TASK DESCRIPTION:
When the word "unfolding" shows up in a line of the records below, copy that line.

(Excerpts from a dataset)

_ _ _ _

instance endo :: (finite) banach
proof
  fix X :: "nat \<Rightarrow> 'a endo"
  assume "Cauchy X"
  then have "Cauchy (\<lambda>n. Rep_endo (X n))"
    by (simp add: Cauchy_def dist_endo.rep_eq)
  then obtain L where "(\<lambda>n. Rep_endo (X n)) \<longlonglongrightarrow> L"
    using Cauchy_convergent_iff convergent_def by blast
  then have "X \<longlonglongrightarrow> Abs_endo L"
    by (simp add: lim_sequentially dist_endo.rep_eq Abs_endo_inverse)
  then show "convergent X"
    by (auto simp: convergent_def)
qed

lift_definition endo_apply :: "'n::finite endo \<Rightarrow> complex^'n \<Rightarrow> complex^'n" is blinfun_apply .

lift_definition endo_of :: "complex^'n::finite^'n \<Rightarrow> 'n endo" is "\<lambda>M. Blinfun ((*v) M)" .

lemma endo_apply_endo_of [simp]: "endo_apply (endo_of M) x = M *v x"
  by transfer (simp add: bounded_linear_Blinfun_apply)

lemma endo_apply_mult [simp]: "endo_apply (S * T) x = endo_apply S (endo_apply T x)"
  by transfer simp

lemma endo_apply_one [simp]: "endo_apply 1 x = x"
  by transfer simp

lemma endo_eqI: "(\<And>x. endo_apply S x = endo_apply T x) \<Longrightarrow> S = T"
  by transfer (rule blinfun_eqI)

lemma endo_apply_add: "endo_apply (S + T) x = endo_apply S x + endo_apply T x"
  by transfer (rule blinfun.add_left)

lemma endo_apply_scaleR [simp]: "endo_apply (r *\<^sub>R S) x = r *\<^sub>R endo_apply S x"
  by transfer (rule blinfun.scaleR_left)

lemma norm_endo_apply: "norm (endo_apply S x) \<le> norm S * norm x"
  by transfer (rule norm_blinfun)

lemma bounded_linear_endo_apply_left: "bounded_linear (\<lambda>S. endo_apply S x)"
  by (rule bounded_linear_intro[where K = "norm x"]) (simp_all add: endo_apply_add norm_endo_apply)

lemma scaleR_matrix_vector_mult: "(r *\<^sub>R M) *v x = r *\<^sub>R (M *v (x::complex^'n::finite))"
  by (simp add: vec_eq_iff matrix_vector_mult_def scaleR_sum_right)

lemma matrix_vector_mult_scaleR_right: "M *v (r *\<^sub>R x) = r *\<^sub>R (M *v (x::complex^'n::finite))"
  by (simp add: vec_eq_iff matrix_vector_mult_def scaleR_sum_right)

lemma endo_of_mult: "endo_of (A ** B) = endo_of A * endo_of B"
  by (rule endo_eqI) (simp add: matrix_vector_mul_assoc)

lemma endo_of_mpow: "endo_of (mpow A k) = endo_of A ^ k"
proof (induction k)
  case 0
  show ?case by (rule endo_eqI) simp
qed (simp add: endo_of_mult)

lemma endo_of_scaleR: "endo_of (r *\<^sub>R M) = r *\<^sub>R endo_of M"
  by (rule endo_eqI) (simp add: scaleR_matrix_vector_mult)

lemma bounded_linear_vec_lambda:
  assumes "\<And>i. bounded_linear (f i)"
  shows "bounded_linear (\<lambda>x. \<chi> i. f i x :: 'a::real_normed_vector^'n::finite)"
proof -
  obtain K where K: "\<And>i x. norm (f i x) \<le> norm x * K i"
    using bounded_linear.bounded[OF assms] by metis
  show ?thesis
  proof (rule bounded_linear_intro[where K = "\<Sum>i\<in>UNIV. K i"])
    show "(\<chi> i. f i (x + y)) = (\<chi> i. f i x) + (\<chi> i. f i y)" for x y
      by (simp add: vec_eq_iff linear_add[OF bounded_linear.linear[OF assms]])
    show "(\<chi> i. f i (r *\<^sub>R x)) = r *\<^sub>R (\<chi> i. f i x)" for r x
      by (simp add: vec_eq_iff linear_scale[OF bounded_linear.linear[OF assms]])
    show "norm (\<chi> i. f i x) \<le> norm x * (\<Sum>i\<in>UNIV. K i)" for x
    proof -
      have "norm (\<chi> i. f i x) \<le> (\<Sum>i\<in>UNIV. norm (f i x))"
        unfolding norm_vec_def by (rule order_trans[OF L2_set_le_sum]) simp_all
      also have "\<dots> \<le> norm x * (\<Sum>i\<in>UNIV. K i)"
        by (simp add: sum_distrib_left sum_mono K)
      finally show ?thesis .
    qed
  qed
qed

definition matrix_of_endo :: "'n::finite endo \<Rightarrow> complex^'n^'n" where
  "matrix_of_endo S = (\<chi> i j. endo_apply S (axis j 1) $ i)"

lemma bounded_linear_matrix_of_endo: "bounded_linear matrix_of_endo"
  unfolding matrix_of_endo_def
  by (intro bounded_linear_vec_lambda bounded_linear_compose[OF bounded_linear_vec_nth]
      bounded_linear_endo_apply_left)

lemma matrix_of_endo_endo_of: "matrix_of_endo (endo_of M) = M"
  by (simp add: matrix_of_endo_def vec_eq_iff matrix_vector_mult_def axis_def if_distrib cong: if_cong)

lemma bounded_linear_matrix_vector_mult_left:
  "bounded_linear (\<lambda>M::complex^'n::finite^'m::finite. M *v v)"
  unfolding linear_conv_bounded_linear[symmetric]
  by (rule linearI) (simp_all add: matrix_vector_mult_add_rdistrib scaleR_matrix_vector_mult)

lemma mexp_mult_vector: "mexp A *v v = endo_apply (exp (endo_of A)) v"
proof -
  have exp_sums: "(\<lambda>k. (1 / fact k) *\<^sub>R endo_of A ^ k) sums exp (endo_of A)"
    using exp_converges[of "endo_of A"] by (simp add: divide_inverse)
  have matrix_sums: "(\<lambda>k. (1 / fact k) *\<^sub>R mpow A k) sums matrix_of_endo (exp (endo_of A))"
    using bounded_linear.sums[OF bounded_linear_matrix_of_endo exp_sums]
    by (simp add: endo_of_mpow[symmetric] endo_of_scaleR[symmetric] matrix_of_endo_endo_of)
  then have "mexp A = matrix_of_endo (exp (endo_of A))"
    unfolding mexp_def by (rule sums_unique[symmetric])
  then have "(\<lambda>k. ((1 / fact k) *\<^sub>R mpow A k) *v v) sums (mexp A *v v)"
    using bounded_linear.sums[OF bounded_linear_matrix_vector_mult_left matrix_sums] by simp
  moreover have "(\<lambda>k. ((1 / fact k) *\<^sub>R mpow A k) *v v) sums endo_apply (exp (endo_of A)) v"
    using bounded_linear.sums[OF bounded_linear_endo_apply_left exp_sums]
    by (simp add: endo_of_mpow[symmetric] endo_of_scaleR[symmetric])
  ultimately show ?thesis
    by (rule sums_unique2)
qed

lemma mexp_zero_mult_vector: "mexp 0 *v v = (v::complex^'n::finite)"
proof -
  have "endo_of 0 = (0 :: 'n endo)"
    using endo_of_scaleR[of 0 "0 :: complex^'n^'n"] by simp
  then show ?thesis
    by (simp add: mexp_mult_vector)
qed

lemma has_vector_derivative_mexp:
  "((\<lambda>t. mexp (t *\<^sub>R A) *v v) has_vector_derivative A *v (mexp (t *\<^sub>R A) *v v)) (at t)"
proof -
  have "((\<lambda>t. endo_apply (exp (t *\<^sub>R endo_of A)) v) has_vector_derivative
      endo_apply (endo_of A * exp (t *\<^sub>R endo_of A)) v) (at t)"
    by (rule bounded_linear.has_vector_derivative[OF bounded_linear_endo_apply_left
          exp_scaleR_has_vector_derivative_left])
  then show ?thesis
    by (simp add: mexp_mult_vector endo_of_scaleR)
qed

section \<open>Inner products and Hermitian matrices\<close>

lemma csc_mult_vector: "csc c M *v x = c *s (M *v x)"
  by (simp add: vec_eq_iff csc_def matrix_vector_mult_def sum_distrib_left mult.assoc)

lemma norm_vector_scalar_mult: "norm (c *s x) = norm c * norm (x::complex^'n::finite)"
  by (simp add: norm_vec_def norm_mult L2_set_right_distrib)

lemma csc_i_of_real: "csc (\<i> * of_real r) M = r *\<^sub>R csc \<i> M"
  by (simp add: vec_eq_iff csc_def) (simp add: scaleR_conv_of_real)

lemma csc_i_of_real_mult_vector: "csc (\<i> * of_real r) M *v x = r *\<^sub>R (\<i> *s (M *v x))"
  by (simp add: csc_i_of_real scaleR_matrix_vector_mult csc_mult_vector)

lemma inner_vec_complex: "inner x y = Re (\<Sum>i\<in>UNIV. x $ i * cnj (y $ i))"
  by (simp add: inner_vec_def inner_complex_def)

lemma inner_i_scalar_mult: "inner x (\<i> *s y) = - inner (\<i> *s x) (y::complex^'n::finite)"
  by (simp add: inner_vec_complex Re_sum[symmetric] sum_negf[symmetric] algebra_simps)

_ _ _ _

EXERCISE ANSWER:
        unfolding norm_vec_def by (rule order_trans[OF L2_set_le_sum]) simp_all
  unfolding matrix_of_endo_def
  unfolding linear_conv_bounded_linear[symmetric]
    unfolding mexp_def by (rule sums_unique[symmetric])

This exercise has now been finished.